我正在尝试编写一个webserver（代理？），以便我可以向 http://localhost:8080/foo/bar 提出请求，这将从 https://www.gyford.com/foo/bar 透明地返回响应 .

下面的python脚本适用于网页本身，但不返回某些类型的文件（例如https://www.gyford.com/static/hines/js/site-340675b4c7.min.js） . 如果我手动请求该文件，而此服务器正在运行，如：

import requests
r = requests.get('http://localhost:8080/static/hines/js/site-340675b4c7.min.js')

然后我得到：

'收到内容编码的响应：gzip，但无法对其进行解码 . '，错误（'解压缩数据时错误-3：错误的 Headers 检查'，）

所以我想我需要以不同的方式处理gzip文件，但我无法弄清楚如何 .

from http.server import HTTPServer, BaseHTTPRequestHandler
import requests

HOST_NAME = 'localhost'
PORT_NUMBER = 8080
TARGET_DOMAIN = 'www.gyford.com'

class MyHandler(BaseHTTPRequestHandler):

    def do_GET(self):
        host_domain = '{}:{}'.format(HOST_NAME, PORT_NUMBER)

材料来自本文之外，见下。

lemma chromatic_number_fan_copy: "chromatic_number (\<phi> ` {..<k}) E = 3"
proof -
  define col :: "nat \<Rightarrow> nat" where "col i = (if i = 0 then 0 else if i = 2 then 2 else 1)" for i
  let ?c = "col \<circ> inv_into {..<k} \<phi>"
  show ?thesis
  proof (rule chromatic_number_eq_3[where c = ?c])
    show "\<forall>x\<in>\<phi> ` {..<k}. ?c x < 3" by (auto simp: col_def)
    show "\<forall>x\<in>\<phi> ` {..<k}. \<forall>y\<in>\<phi> ` {..<k}. {x, y} \<in> E \<longrightarrow> ?c x \<noteq> ?c y"
    proof (intro ballI impI)
      fix x y assume "x \<in> \<phi> ` {..<k}" "y \<in> \<phi> ` {..<k}" "{x, y} \<in> E"
      then obtain i j where ij: "i < k" "j < k" "x = \<phi> i" "y = \<phi> j" by auto
      then have "fan_edge i j" using fan_copy_edge \<open>{x, y} \<in> E\<close> by simp
      have "?c x = col i" "?c y = col j" using ij fan_copy_inj by simp_all
      moreover have "col i \<noteq> col j"
        using \<open>fan_edge i j\<close> by (auto simp: col_def fan_edge_def doubleton_eq_iff)
      ultimately show "?c x \<noteq> ?c y" by simp
    qed
    show "{\<phi> 0, \<phi> 1} \<in> E" "{\<phi> 0, \<phi> 2} \<in> E" "{\<phi> 1, \<phi> 2} \<in> E"
      using k by (simp_all add: fan_copy_edge fan_edge_def)
  qed (use k in simp_all)
qed

lemma connected_fan_copy: "connected_induced (\<phi> ` {..<k}) E"
proof (rule connected_induced_if_universal_vertex)
  show "\<phi> 0 \<in> \<phi> ` {..<k}" using k by simp
  fix x assume "x \<in> \<phi> ` {..<k}" "x \<noteq> \<phi> 0"
  then obtain i where "i < k" "i \<noteq> 0" "x = \<phi> i" by auto
  then show "{x, \<phi> 0} \<in> E" using k fan_copy_edge[of i 0] by (simp add: fan_edge_def)
qed

end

        host = self.headers.get('Host').replace(host_domain, TARGET_DOMAIN)

        url = ''.join(['https://', host, self.path])

        r = requests.get(url)

        self.send_response(r.status_code)

        for k,v in r.headers.items():
            self.send_header(k, v)

        self.end_headers()

        self.wfile.write( bytes(r.text, 'UTF-8') )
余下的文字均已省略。